Немец давил. Уже налетали самолёты и бомбили Наро-Фоминск и пригороды. И в госпитале, среди медперсонала, ходили такие разговоры, что, возможно, со дня на день придётся эвакуироваться. Потом, спустя какое-то время, разговоры затихли. Немца остановили. Но, как потом оказалось, ненадолго.
– Что, солдат, о доме, поди, подумываешь? – спросила его в другой раз Маковицкая.
– Как не думать, товарищ капитан? Дом-то под немцем остался. Живы ли мои? Чем кормятся? Не знаю.
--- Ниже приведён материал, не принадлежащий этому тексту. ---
(* Let $2\le d_1\le d_2\le d_3\le d_4$, let $2\le s\le d_1$, and let $|\varphi\rangle=\sum_{i,j,k,r}a_{ijkr}|ijkr\rangle$ be a normalized pure state in $H_1\otimes H_2\otimes H_3\otimes H_4$ with $\dim H_i=d_i$. Then $$C^2(|\varphi\rangle)\ \ge\ \frac{1}{\binom{d_1-2}{s-2}\binom{d_2-2}{s-2}\binom{d_3-1}{s-1}\binom{d_4-1}{s-1}}\sum C^2(|\varphi\rangle_{s\otimes s\otimes s\otimes s}),$$ where the sum runs over all pure substates $|\varphi\rangle_{s\otimes s\otimes s\otimes s}=(G_1\otimes G_2\otimes G_3\otimes G_4)|\varphi\rangle$, $G_i=\sum_{x\in S_i}|x\rangle\langle x|$, over all choices of subsets $S_i\subseteq\{1,\dots,d_i\}$ with $|S_i|=s$.
   Context: $C$ denotes the four-partite concurrence of a (not necessarily normalized) vector $|\psi\rangle$ with $\sigma=|\psi\rangle\langle\psi|$: $C(|\psi\rangle)=2^{-1}\sqrt{14(\mathrm{tr}\,\sigma)^2-\sum_\alpha\mathrm{tr}(\sigma_\alpha^2)}$, $\alpha$ running over the 14 nonempty proper subsets of $\{1,2,3,4\}$ and $\sigma_\alpha=\mathrm{tr}_{\bar\alpha}\sigma$. The computational bases of $H_i\cong\mathbb{C}^{d_i}$ are fixed. *)

theory Defs
  imports Complex_Main "HOL-Library.FuncSet"
begin

text \<open>Party k (k = 0,1,2,3) has dimension d k; basis indices
  are 0..<d k. A (not necessarily normalized) vector is given by its coefficient
  function on index tuples x (functions on {0..<4}).\<close>

definition tuples :: "(nat \<Rightarrow> nat) \<Rightarrow> (nat \<Rightarrow> nat) set" where
  "tuples d = PiE {0..<4} (\<lambda>k. {0..<d k})"

definition merge :: "nat set \<Rightarrow> (nat \<Rightarrow> nat) \<Rightarrow> (nat \<Rightarrow> nat) \<Rightarrow> (nat \<Rightarrow> nat)" where
  "merge al u v = (\<lambda>k. if k \<in> al then u k else v k)"

text \<open>tr sigma, for sigma = |psi><psi|\<close>
definition trace_proj :: "(nat \<Rightarrow> nat) \<Rightarrow> ((nat \<Rightarrow> nat) \<Rightarrow> complex) \<Rightarrow> real" where
  "trace_proj d a = (\<Sum>x\<in>tuples d. (cmod (a x))^2)"

text \<open>tr (sigma_al^2), sigma_al = partial trace of |psi><psi| over the complement of al,
  written out in coordinates.\<close>
definition reduced_purity :: "(nat \<Rightarrow> nat) \<Rightarrow> ((nat \<Rightarrow> nat) \<Rightarrow> complex) \<Rightarrow> nat set \<Rightarrow> complex" where
  "reduced_purity d a al = (\<Sum>x\<in>tuples d. \<Sum>y\<in>tuples d.
      a x * cnj (a (merge al y x)) * a y * cnj (a (merge al x y)))"

definition proper_subsets4 :: "nat set set" where
  "proper_subsets4 = {al. al \<subseteq> {0..<4} \<and> al \<noteq> {} \<and> al \<noteq> {0..<4}}"

definition concurrence4 :: "(nat \<Rightarrow> nat) \<Rightarrow> ((nat \<Rightarrow> nat) \<Rightarrow> complex) \<Rightarrow> real" where
  "concurrence4 d a = (1/2) * sqrt (14 * (trace_proj d a)^2
      - (\<Sum>al\<in>proper_subsets4. Re (reduced_purity d a al)))"

text \<open>(G_1 \<otimes> ... \<otimes> G_4)|psi>, G_k the projector onto span{|x> : x \<in> S k}.\<close>
definition substate :: "(nat \<Rightarrow> nat set) \<Rightarrow> ((nat \<Rightarrow> nat) \<Rightarrow> complex) \<Rightarrow> ((nat \<Rightarrow> nat) \<Rightarrow> complex)" where
  "substate S a = (\<lambda>x. if \<forall>k<4. x k \<in> S k then a x else 0)"

definition subset_choices :: "(nat \<Rightarrow> nat) \<Rightarrow> nat \<Rightarrow> (nat \<Rightarrow> nat set) set" where
  "subset_choices d s = PiE {0..<4} (\<lambda>k. {A. A \<subseteq> {0..<d k} \<and> card A = s})"

end

theory Submission imports Defs begin

text \<open>Expanding the squares, \<open>C\<^sup>2\<close> equals one eighth of the sum, over the 14 cuts \<open>\<alpha>\<close> and all
  pairs of basis tuples \<open>x, y\<close>, of the defects \<open>|a(x) a(y) - a(x') a(y')|\<^sup>2\<close>, where \<open>x', y'\<close> arise from
  \<open>x, y\<close> by exchanging the coordinates in \<open>\<alpha>\<close>. Projecting onto the subsets \<open>S\<^sub>k\<close> keeps exactly
  the defects of those pairs with \<open>x\<^sub>k, y\<^sub>k \<in> S\<^sub>k\<close> for all \<open>k\<close>, so every defect is counted once for
  each choice of subsets containing the coordinates of \<open>x\<close> and \<open>y\<close>. A nonzero defect forces
  \<open>x\<close> and \<open>y\<close> to differ in at least two coordinates, and then the number of such choices is at
  most \<open>C(d\<^sub>1-2,s-2) C(d\<^sub>2-2,s-2) C(d\<^sub>3-1,s-1) C(d\<^sub>4-1,s-1)\<close>, the worst case being that the two
  differing coordinates are those of the smallest dimensions.\<close>

definition exchange_defect ::
    "((nat \<Rightarrow> nat) \<Rightarrow> complex) \<Rightarrow> nat set \<Rightarrow> (nat \<Rightarrow> nat) \<Rightarrow> (nat \<Rightarrow> nat) \<Rightarrow> real" where
  "exchange_defect a al x y = (cmod (a x * a y - a (merge al y x) * a (merge al x y)))^2"

definition total_defect :: "(nat \<Rightarrow> nat) \<Rightarrow> ((nat \<Rightarrow> nat) \<Rightarrow> complex) \<Rightarrow> real" where
  "total_defect d a =
     (\<Sum>al\<in>proper_subsets4. \<Sum>x\<in>tuples d. \<Sum>y\<in>tuples d. exchange_defect a al x y)"

lemma exchange_defect_nonneg: "0 \<le> exchange_defect a al x y"
  by (simp add: exchange_defect_def)

lemma merge_in_tuples: "x \<in> tuples d \<Longrightarrow> y \<in> tuples d \<Longrightarrow> merge al x y \<in> tuples d"
  unfolding tuples_def merge_def PiE_def Pi_def extensional_def by auto

lemma merge_merge: "merge al (merge al x y) (merge al y x) = x"
  by (auto simp: merge_def fun_eq_iff)

lemma card_proper_subsets4: "card proper_subsets4 = 14"
proof -
  have "proper_subsets4 = Pow {0..<4::nat} - {{}, {0..<4}}"
    unfolding proper_subsets4_def by auto
  moreover have "card (Pow {0..<4::nat} - {{}, {0..<4}}) = 16 - 2"
    by (subst card_Diff_subset) (auto simp: card_Pow)
  ultimately show ?thesis by simp
qed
Вот подлечусь и воевать надо идти, выручать семью.
– Сколько же тебе лет? – прищурилась она, испытывая старшину пристальным взглядом своих тёмных, как прудовая вода, глаз, в которых таилась какая-то глубокая, неизбывная то ли печаль, то ли, горше того, тоска.
– Э, товарищ капитан, мои годы, может, и постарее ваших, да только вам обо мне не по годам судить надобно, а по рёбрам, – засмеялся он.
Маковицкая тоже ответно засмеялась. А медсёстры переглянулись. Старшина же Нелюбин заметил, что хоть и засмеялась она, но глаза как были невеселы, так и не расцвело в них никакой радости. А душа-то человеческая вся в глазах, а не на устах. Уж это-то он знал. Хочешь узнать, что подчинённый уставом или обстоятельствами боец о тебе думает, когда ты ему что-то нужное внушаешь, посмотри ему в глаза.
– А ну-ка, солдат, поясни, поясни, – заинтересовалась она, и морщинка на её лбу расправилась, исчезла. – По поводу рёбер.
– Да то и значит. Рёбра мои в целости?
– В целости. В одном только небольшая трещина, но она вполне благополучно затягивается. Организм крепкий, вот и зарастает всё быстро и без осложнений.
– Ну, так вот это ж и есть самое главное! Весеннюю корову, говорят, за хвост поднимают. А вы меня, товарищ капитан, заботой-то своей, да умением, да ручками своими добрыми, вот этими самыми, из могилы, можно сказать, подняли на свет божий. Дайте ж я эти самые ручки рас-це-лу-ю! Потому как боле мне вас отблагодарить нечем, – и старшина Нелюбин неожиданно ухватил руки Маковецкой и поцеловал их старательным мужским поцелуем – сперва одну, потом другую.
Она не отдёрнула рук. Все вокруг оцепенели. Не ожидали, что их ранбольной так расчувствуется. Молча, изумлённо смотрела на старшину и Маковицкая.
– Конечно, не по уставу я поступил. Вы уж простите. Да только на войне женщина хоть и в шинели, и при погонах, а всё одно – женщина. И то, что вы, милые мои, в мужицкую, солдатскую работу на этой войне впряглись и тащите её, так за это не только что руки вам надо целовать, а по гроб жизни на руках носить, – и старшина Нелюбин окинул взглядом всех собравшихся в перевязочной – и медсестёр, и санитарок – и, поклонившись им всем, вышел в палату.
Вечером, после смены, медсестра Таня с улыбкой заметила Маковицкой:
– Фаина Ростиславна! А этот наш старшина, с тремя-то пулями, хоть и Нелюбин, а настоящий поэт! И, похоже, что произвёл на вас впечатление.
– С четырьмя, Танечка, с четырьмя пулями, – поправила она медсестру и усмехнулась, ещё раз переживая нелепые, но какие-то очень правильные поцелуи старшины. И невольно взглянула на свои ладони. И вздохнула.
А погодя сказала:
– Вот ведь как случается: от офицера, образованного, светски воспитанного человека, который читывал и Толстого, и Достоевского, ничего подобного не услышишь, а тут… простой деревенский мужик, который о Толстом, может, только и слышал, что от сына-школьника, когда тот уроки учил… невольно разволнуешься. – И вдруг выпрямилась, как встрепенувшаяся птица, поправила под ремнём гимнастёрку и сказала уже другим тоном: – Штаб армии в город переехал. Ты что-нибудь об этом слышала?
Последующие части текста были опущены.